Stacja 16 - komiks, który czyta się jednym tchem i jednak trochę zbyt szybko
I chociaż można spodziewać się zakończenia komiksu to wcale nie jestem rozczarowany
Co do samego wydania nie wiem co się stało ale papier jest wręcz koszmarny!...niby kreda a strasznie miękki i dziwnie się przerzuca strony. przy takim formacie fajniejszy byłby sztywniejszy papier ale coś widzę, że mocno chcieli zejść z ceną.
Co do edycji komiksów z nazwiskiem
Hermann na okładce to WK nie ma chyba szczęścia.

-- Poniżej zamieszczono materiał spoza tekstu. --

(* Fix a program $e_{pgm}$ and an initial time $t_0$. For all states $(\hat\varsigma,\Xi)$ and $(\hat\varsigma',\Xi')$ of the $\mathit{CESK}^*_t\Xi$ machine, if $\mathit{inv}(\hat\varsigma,\Xi)$ holds and $(\hat\varsigma,\Xi)\longmapsto(\hat\varsigma',\Xi')$, then $\mathit{inv}(\hat\varsigma',\Xi')$ holds.
   Context: Expressions: $e::=x\mid (e\,e)\mid \lambda x.e$ over a set $\mathit{Var}$ of variables. Fix sets $\mathit{Addr}$ (addresses) and $\mathit{Time}$ (timestamps). An environment $\rho$ is a finite partial map $\mathit{Var}\rightharpoonup\mathit{Addr}$; $\rho[x\mapsto a]$ is its update; $\bot$ denotes an empty map. A value is a closure $v=(\lambda x.e,\rho)$. A store $\sigma$ is a finite partial map from $\mathit{Addr}$ to sets of values; $\sigma\sqcup[a\mapsto v]$ denotes $\sigma$ updated so that $a$ maps to $\sigma(a)\cup\{v\}$ (with $\sigma(a)=\emptyset$ if undefined). Frames: $\phi::=\mathbf{ar}(e,\rho)\mid\mathbf{fn}(v)$. The $\mathit{CESK}_t$ machine: continuations $\kappa$ are finite lists of frames ($\epsilon$ empty, $\phi:\kappa$ cons). States are $\langle e,\rho,\sigma,\kappa\rangle_t$ and $\langle v,\sigma,\kappa\rangle_t$. It is parameterized by $\mathit{alloc}$ and $\mathit{tick}$, functions from states to $\mathit{Addr}$ and $\mathit{Time}$ that depend only on the non-continuation components of a state (the same functions are used in both machines below). With $a=\mathit{alloc}$ and $u=\mathit{tick}$ of the left-hand state: $\langle x,\rho,\sigma,\kappa\rangle_t\longmapsto\langle v,\sigma,\kappa\rangle_u$ if $v\in\sigma(\rho(x))$; $\langle \lambda x.e,\rho,\sigma,\kappa\rangle_t\longmapsto\langle (\lambda x.e,\rho),\sigma,\kappa\rangle_u$; $\langle (e_0\,e_1),\rho,\sigma,\kappa\rangle_t\longmapsto\langle e_0,\rho,\sigma,\mathbf{ar}(e_1,\rho):\kappa\rangle_u$; $\langle v,\sigma,\mathbf{ar}(e,\rho'):\kappa\rangle_t\longmapsto\langle e,\rho',\sigma,\mathbf{fn}(v):\kappa\rangle_u$; $\langle v,\sigma,\mathbf{fn}((\lambda x.e,\rho)):\kappa\rangle_t\longmapsto\langle e,\rho[x\mapsto a],\sigma\sqcup[a\mapsto v],\kappa\rangle_u$. The $\mathit{CESK}^*_t\Xi$ machine: a context is $\tau=\langle e,\rho,\sigma\rangle_t$. Abstract continuations are $\hat\kappa::=\epsilon\mid\phi:\tau$. A continuation store $\Xi$ is a finite partial map from contexts to sets of abstract continuations ($\bot$ empty; $\Xi\sqcup[\tau\mapsto\hat\kappa]$ as for stores). States are pairs $(\hat\varsigma,\Xi)$ with $\hat\varsigma$ of the form $\langle e,\rho,\sigma,\hat\kappa\rangle_t$ or $\langle v,\sigma,\hat\kappa\rangle_t$. Steps (with $a,u$ from $\mathit{alloc},\mathit{tick}$ of $\hat\varsigma$): $(\langle x,\rho,\sigma,\hat\kappa\rangle_t,\Xi)\longmapsto(\langle v,\sigma,\hat\kappa\rangle_u,\Xi)$ if $v\in\sigma(\rho(x))$; $(\langle\lambda x.e,\rho,\sigma,\hat\kappa\rangle_t,\Xi)\longmapsto(\langle(\lambda x.e,\rho),\sigma,\hat\kappa\rangle_u,\Xi)$; $(\langle(e_0\,e_1),\rho,\sigma,\hat\kappa\rangle_t,\Xi)\longmapsto(\langle e_0,\rho,\sigma,\mathbf{ar}(e_1,\rho):\tau\rangle_u,\Xi\sqcup[\tau\mapsto\hat\kappa])$ where $\tau=\langle(e_0\,e_1),\rho,\sigma\rangle_t$; $(\langle v,\sigma,\mathbf{ar}(e,\rho'):\tau\rangle_t,\Xi)\longmapsto(\langle e,\rho',\sigma,\mathbf{fn}(v):\tau\rangle_u,\Xi)$; $(\langle v,\sigma,\mathbf{fn}((\lambda x.e,\rho)):\tau\rangle_t,\Xi)\longmapsto(\langle e,\rho[x\mapsto a],\sigma\sqcup[a\mapsto v],\hat\kappa\rangle_u,\Xi)$ for each $\hat\kappa\in\Xi(\tau)$. Auxiliary notions: $\epsilon{+\!\!+}\epsilon=\epsilon$ and $(\phi:\tau){+\!\!+}\epsilon=\phi:\epsilon$ (a concrete continuation). $\mathit{base}(\epsilon)=\langle e_{pgm},\bot,\bot,\epsilon\rangle_{t_0}$ and $\mathit{base}(\phi:\langle e_c,\rho_c,\sigma_c\rangle_{t_c})=\langle e_c,\rho_c,\sigma_c,\epsilon\rangle_{t_c}$. $\mathit{inv}_\Xi(\Xi)$ holds iff for every context $\langle e_c,\rho_c,\sigma_c\rangle_{t_c}\in\mathrm{dom}(\Xi)$ and every $\hat\kappa_c\in\Xi(\langle e_c,\rho_c,\sigma_c\rangle_{t_c})$ we have $\mathit{base}(\hat\kappa_c)\longmapsto^*_{\mathit{CESK}_t}\langle e_c,\rho_c,\sigma_c,\hat\kappa_c{+\!\!+}\epsilon\rangle_{t_c}$. $\mathit{inv}(\hat\varsigma,\Xi)$ holds iff $\mathit{inv}_\Xi(\Xi)$ and $\mathit{base}(\hat\kappa)\longmapsto^*_{\mathit{CESK}_t}\hat\varsigma\{\hat\kappa:=\hat\kappa{+\!\!+}\epsilon\}$, where $\hat\kappa$ is the continuation component of $\hat\varsigma$ and $\{\hat\kappa:=\cdot\}$ replaces that component. *)

theory Defs
  imports Main
begin

datatype 'x expr = EVar 'x | EApp "'x expr" "'x expr" | ELam 'x "'x expr"

type_synonym ('x,'a) env = "'x \<rightharpoonup> 'a"

datatype ('x,'a) val = Clo 'x "'x expr" "('x,'a) env"

type_synonym ('x,'a) store = "'a \<rightharpoonup> ('x,'a) val set"

definition mjoin :: "('k \<rightharpoonup> 'v set) \<Rightarrow> 'k \<Rightarrow> 'v \<Rightarrow> ('k \<rightharpoonup> 'v set)" where
  "mjoin m k v = m(k \<mapsto> (case m k of None \<Rightarrow> {} | Some S \<Rightarrow> S) \<union> {v})"

datatype ('x,'a) frame = Ar "'x expr" "('x,'a) env" | Fn "('x,'a) val"

text \<open>States, generic in the continuation component 'k:
  Ev e \<rho> \<sigma> \<kappa> t  is  \<langle>e,\<rho>,\<sigma>,\<kappa>\<rangle>_t,  Ap v \<sigma> \<kappa> t  is  \<langle>v,\<sigma>,\<kappa>\<rangle>_t.\<close>
datatype ('x,'a,'t,'k) state =
    Ev "'x expr" "('x,'a) env" "('x,'a) store" 'k 't
  | Ap "('x,'a) val" "('x,'a) store" 'k 't

text \<open>The non-continuation components of a state (continuation replaced by unit).
  alloc and tick are functions of these only.\<close>
fun strip :: "('x,'a,'t,'k) state \<Rightarrow> ('x,'a,'t,unit) state" where
  "strip (Ev e r s k t) = Ev e r s () t"
| "strip (Ap v s k t) = Ap v s () t"

fun kont :: "('x,'a,'t,'k) state \<Rightarrow> 'k" where
  "kont (Ev e r s k t) = k"
| "kont (Ap v s k t) = k"

fun set_kont :: "('x,'a,'t,'k) state \<Rightarrow> 'j \<Rightarrow> ('x,'a,'t,'j) state" where
  "set_kont (Ev e r s k t) j = Ev e r s j t"
| "set_kont (Ap v s k t) j = Ap v s j t"

type_synonym ('x,'a,'t) cstate = "('x,'a,'t,('x,'a) frame list) state"

inductive cstep :: "(('x,'a,'t,unit) state \<Rightarrow> 'a) \<Rightarrow> (('x,'a,'t,unit) state \<Rightarrow> 't)
    \<Rightarrow> ('x,'a,'t) cstate \<Rightarrow> ('x,'a,'t) cstate \<Rightarrow> bool"
  for alloc tick where
  c_var: "\<rho> x = Some a' \<Longrightarrow> \<sigma> a' = Some S \<Longrightarrow> v \<in> S \<Longrightarrow>
     cstep alloc tick (Ev (EVar x) \<rho> \<sigma> \<kappa> t)
       (Ap v \<sigma> \<kappa> (tick (strip (Ev (EVar x) \<rho> \<sigma> \<kappa> t))))"
| c_lam: "cstep alloc tick (Ev (ELam x e) \<rho> \<sigma> \<kappa> t)
       (Ap (Clo x e \<rho>) \<sigma> \<kappa> (tick (strip (Ev (ELam x e) \<rho> \<sigma> \<kappa> t))))"
| c_app: "cstep alloc tick (Ev (EApp e0 e1) \<rho> \<sigma> \<kappa> t)
       (Ev e0 \<rho> \<sigma> (Ar e1 \<rho> # \<kappa>) (tick (strip (Ev (EApp e0 e1) \<rho> \<sigma> \<kappa> t))))"
| c_ar: "cstep alloc tick (Ap v \<sigma> (Ar e \<rho>' # \<kappa>) t)
       (Ev e \<rho>' \<sigma> (Fn v # \<kappa>) (tick (strip (Ap v \<sigma> (Ar e \<rho>' # \<kappa>) t))))"
| c_fn: "cstep alloc tick (Ap v \<sigma> (Fn (Clo x e \<rho>) # \<kappa>) t)
       (Ev e (\<rho>(x \<mapsto> alloc (strip (Ap v \<sigma> (Fn (Clo x e \<rho>) # \<kappa>) t))))
          (mjoin \<sigma> (alloc (strip (Ap v \<sigma> (Fn (Clo x e \<rho>) # \<kappa>) t))) v)
          \<kappa> (tick (strip (Ap v \<sigma> (Fn (Clo x e \<rho>) # \<kappa>) t))))"

datatype ('x,'a,'t) ctx = Ctx "'x expr" "('x,'a) env" "('x,'a) store" 't

datatype ('x,'a,'t) akont = AEps | ACons "('x,'a) frame" "('x,'a,'t) ctx"

type_synonym ('x,'a,'t) kstore = "('x,'a,'t) ctx \<rightharpoonup> ('x,'a,'t) akont set"

type_synonym ('x,'a,'t) astate = "('x,'a,'t,('x,'a,'t) akont) state \<times> ('x,'a,'t) kstore"

inductive astep :: "(('x,'a,'t,unit) state \<Rightarrow> 'a) \<Rightarrow> (('x,'a,'t,unit) state \<Rightarrow> 't)
    \<Rightarrow> ('x,'a,'t) astate \<Rightarrow> ('x,'a,'t) astate \<Rightarrow> bool"
  for alloc tick where
  a_var: "\<rho> x = Some a' \<Longrightarrow> \<sigma> a' = Some S \<Longrightarrow> v \<in> S \<Longrightarrow>
     astep alloc tick (Ev (EVar x) \<rho> \<sigma> \<kappa> t, \<Xi>)
       (Ap v \<sigma> \<kappa> (tick (strip (Ev (EVar x) \<rho> \<sigma> \<kappa> t))), \<Xi>)"
| a_lam: "astep alloc tick (Ev (ELam x e) \<rho> \<sigma> \<kappa> t, \<Xi>)
       (Ap (Clo x e \<rho>) \<sigma> \<kappa> (tick (strip (Ev (ELam x e) \<rho> \<sigma> \<kappa> t))), \<Xi>)"
| a_app: "astep alloc tick (Ev (EApp e0 e1) \<rho> \<sigma> \<kappa> t, \<Xi>)
       (Ev e0 \<rho> \<sigma> (ACons (Ar e1 \<rho>) (Ctx (EApp e0 e1) \<rho> \<sigma> t))
           (tick (strip (Ev (EApp e0 e1) \<rho> \<sigma> \<kappa> t))),
        mjoin \<Xi> (Ctx (EApp e0 e1) \<rho> \<sigma> t) \<kappa>)"
| a_ar: "astep alloc tick (Ap v \<sigma> (ACons (Ar e \<rho>') \<tau>) t, \<Xi>)
       (Ev e \<rho>' \<sigma> (ACons (Fn v) \<tau>) (tick (strip (Ap v \<sigma> (ACons (Ar e \<rho>') \<tau>) t))), \<Xi>)"
| a_fn: "\<Xi> \<tau> = Some K \<Longrightarrow> \<kappa>' \<in> K \<Longrightarrow>
     astep alloc tick (Ap v \<sigma> (ACons (Fn (Clo x e \<rho>)) \<tau>) t, \<Xi>)
       (Ev e (\<rho>(x \<mapsto> alloc (strip (Ap v \<sigma> (ACons (Fn (Clo x e \<rho>)) \<tau>) t))))
          (mjoin \<sigma> (alloc (strip (Ap v \<sigma> (ACons (Fn (Clo x e \<rho>)) \<tau>) t))) v)
          \<kappa>' (tick (strip (Ap v \<sigma> (ACons (Fn (Clo x e \<rho>)) \<tau>) t))), \<Xi>)"

fun kappend_eps :: "('x,'a,'t) akont \<Rightarrow> ('x,'a) frame list" where
  "kappend_eps AEps = []"
| "kappend_eps (ACons \<phi> \<tau>) = [\<phi>]"

fun base :: "'x expr \<Rightarrow> 't \<Rightarrow> ('x,'a,'t) akont \<Rightarrow> ('x,'a,'t) cstate" where
  "base e_pgm t0 AEps = Ev e_pgm Map.empty Map.empty [] t0"
| "base e_pgm t0 (ACons \<phi> (Ctx e\<^sub>c \<rho>\<^sub>c \<sigma>\<^sub>c t\<^sub>c)) = Ev e\<^sub>c \<rho>\<^sub>c \<sigma>\<^sub>c [] t\<^sub>c"

definition inv_Xi :: "(('x,'a,'t,unit) state \<Rightarrow> 'a) \<Rightarrow> (('x,'a,'t,unit) state \<Rightarrow> 't)
    \<Rightarrow> 'x expr \<Rightarrow> 't \<Rightarrow> ('x,'a,'t) kstore \<Rightarrow> bool" where
  "inv_Xi alloc tick e_pgm t0 \<Xi> \<longleftrightarrow>
     (\<forall>e\<^sub>c \<rho>\<^sub>c \<sigma>\<^sub>c t\<^sub>c K \<kappa>\<^sub>c. \<Xi> (Ctx e\<^sub>c \<rho>\<^sub>c \<sigma>\<^sub>c t\<^sub>c) = Some K \<longrightarrow> \<kappa>\<^sub>c \<in> K \<longrightarrow>
        (cstep alloc tick)\<^sup>*\<^sup>* (base e_pgm t0 \<kappa>\<^sub>c) (Ev e\<^sub>c \<rho>\<^sub>c \<sigma>\<^sub>c (kappend_eps \<kappa>\<^sub>c) t\<^sub>c))"

definition inv :: "(('x,'a,'t,unit) state \<Rightarrow> 'a) \<Rightarrow> (('x,'a,'t,unit) state \<Rightarrow> 't)
    \<Rightarrow> 'x expr \<Rightarrow> 't \<Rightarrow> ('x,'a,'t) astate \<Rightarrow> bool" where
  "inv alloc tick e_pgm t0 st \<longleftrightarrow>
     (case st of (s, \<Xi>) \<Rightarrow>
        inv_Xi alloc tick e_pgm t0 \<Xi> \<and>
        (cstep alloc tick)\<^sup>*\<^sup>* (base e_pgm t0 (kont s)) (set_kont s (kappend_eps (kont s))))"

end

theory Submission
  imports Defs
begin

text \<open>A context \<tau> in the continuation store
  records a concrete run from the base of one of its stored continuations up to \<tau> with that
  continuation's top frame; a run from \<tau> itself (with empty stack) can therefore be resumed on
  top of that frame, because alloc and tick never inspect the continuation.\<close>

lemma cstep_append_kont:
  assumes "cstep alloc tick s s'"
  shows "cstep alloc tick (set_kont s (kont s @ R)) (set_kont s' (kont s' @ R))"
  using assms
  by induction (auto intro: cstep.intros[simplified])

lemma rtranclp_cstep_append_kont:
  assumes "(cstep alloc tick)\<^sup>*\<^sup>* s s'"
  shows "(cstep alloc tick)\<^sup>*\<^sup>* (set_kont s (kont s @ R)) (set_kont s' (kont s' @ R))"
  using assms
  by induction (auto intro: cstep_append_kont rtranclp.rtrancl_into_rtrancl)

lemma inv_Xi_mjoin:
  assumes "inv_Xi alloc tick e_pgm t0 \<Xi>"
    and "(cstep alloc tick)\<^sup>*\<^sup>* (base e_pgm t0 \<kappa>) (Ev e \<rho> \<sigma> (kappend_eps \<kappa>) t)"
  shows "inv_Xi alloc tick e_pgm t0 (mjoin \<Xi> (Ctx e \<rho> \<sigma> t) \<kappa>)"
  using assms unfolding inv_Xi_def mjoin_def
  by (auto split: option.splits)

lemma astep_preserves_inv_Xi:
  assumes "inv alloc tick e_pgm t0 (s, \<Xi>)"
    and "astep alloc tick (s, \<Xi>) (s', \<Xi>')"
  shows "inv_Xi alloc tick e_pgm t0 \<Xi>'"
  using assms(2,1)
  by (cases rule: astep.cases) (auto simp: inv_def intro: inv_Xi_mjoin)

lemma return_trace:
  assumes "inv_Xi alloc tick e_pgm t0 \<Xi>"
    and "\<Xi> \<tau> = Some K" and "\<kappa>' \<in> K"
    and "(cstep alloc tick)\<^sup>*\<^sup>* (base e_pgm t0 (ACons \<phi> \<tau>)) (set_kont s [\<phi>])"
  shows "(cstep alloc tick)\<^sup>*\<^sup>* (base e_pgm t0 \<kappa>') (set_kont s (\<phi> # kappend_eps \<kappa>'))"
proof -
  obtain e\<^sub>c \<rho>\<^sub>c \<sigma>\<^sub>c t\<^sub>c where \<tau>: "\<tau> = Ctx e\<^sub>c \<rho>\<^sub>c \<sigma>\<^sub>c t\<^sub>c" by (cases \<tau>)
  have "(cstep alloc tick)\<^sup>*\<^sup>* (base e_pgm t0 \<kappa>') (Ev e\<^sub>c \<rho>\<^sub>c \<sigma>\<^sub>c (kappend_eps \<kappa>') t\<^sub>c)"
    using assms(1-3) \<tau> unfolding inv_Xi_def by blast
  moreover have "(cstep alloc tick)\<^sup>*\<^sup>* (Ev e\<^sub>c \<rho>\<^sub>c \<sigma>\<^sub>c (kappend_eps \<kappa>') t\<^sub>c) (set_kont s (\<phi> # kappend_eps \<kappa>'))"
    using rtranclp_cstep_append_kont[OF assms(4), of "kappend_eps \<kappa>'"] \<tau> by (cases s) simp_all
  ultimately show ?thesis by (rule rtranclp_trans)
qed

lemma astep_preserves_trace:
  assumes "inv alloc tick e_pgm t0 (s, \<Xi>)"
    and "astep alloc tick (s, \<Xi>) (s', \<Xi>')"
  shows "(cstep alloc tick)\<^sup>*\<^sup>* (base e_pgm t0 (kont s')) (set_kont s' (kappend_eps (kont s')))"
  using assms(2,1)
proof (cases rule: astep.cases)
  case (a_app e0 e1 \<rho> \<sigma> \<kappa> t)
  then show ?thesis by (auto intro: cstep.c_app[of _ _ _ _ _ _ "[]", simplified])
next
  case (a_ar v \<sigma> e \<rho>' \<tau> t)
  then show ?thesis using assms(1)
    by (cases \<tau>) (auto simp: inv_def intro: rtranclp.rtrancl_into_rtrancl cstep.c_ar[simplified])
next
  case (a_fn \<tau> K \<kappa>' v \<sigma> x e \<rho> t)
  then have "(cstep alloc tick)\<^sup>*\<^sup>* (base e_pgm t0 \<kappa>') (Ap v \<sigma> (Fn (Clo x e \<rho>) # kappend_eps \<kappa>') t)"
    using assms(1) return_trace[of _ _ _ _ \<Xi> \<tau> K \<kappa>' "Fn (Clo x e \<rho>)" "Ap v \<sigma> () t"]
    by (auto simp: inv_def)
  with a_fn show ?thesis by (auto intro: rtranclp.rtrancl_into_rtrancl cstep.c_fn[simplified])
qed (use assms(1) in \<open>auto simp: inv_def intro: rtranclp.rtrancl_into_rtrancl cstep.intros[simplified]\<close>)

theorem mainTheorem3:
  fixes alloc :: "('x,'a,'t,unit) state \<Rightarrow> 'a"
    and tick :: "('x,'a,'t,unit) state \<Rightarrow> 't"
    and e_pgm :: "'x expr" and t0 :: 't
    and s s' :: "('x,'a,'t,('x,'a,'t) akont) state"
    and \<Xi> \<Xi>' :: "('x,'a,'t) kstore"
  assumes "inv alloc tick e_pgm t0 (s, \<Xi>)"
    and "astep alloc tick (s, \<Xi>) (s', \<Xi>')"
  shows "inv alloc tick e_pgm t0 (s', \<Xi>')"
  using astep_preserves_inv_Xi[OF assms] astep_preserves_trace[OF assms]
  by (simp add: inv_def)

end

Wieże mają albo nierówne nadruki na grzbietach albo sam grzbiet jest wygięty w stosunku do okładki (nie jest zachowany kąt 90st.). Przy
Stacji 16 mam podobnie: grzbiet przekrzywiony i co ciekawe - tylna część okładki jest większa (i nie symetryczna) w stosunku do jej przedniej części. Papier rzeczywiście też mógłby być o większej gramaturze (coś jak ma
Blacksad), bo przy tej wielkości albumu naprawdę słabo się te kartki przerzuca.
Wiem, nic wielkiego i się czepiam, ale jednak fajnie by było jakby i te komiksy były wydawane z precyzją i jakością jaką ma np.
Kot Rabina.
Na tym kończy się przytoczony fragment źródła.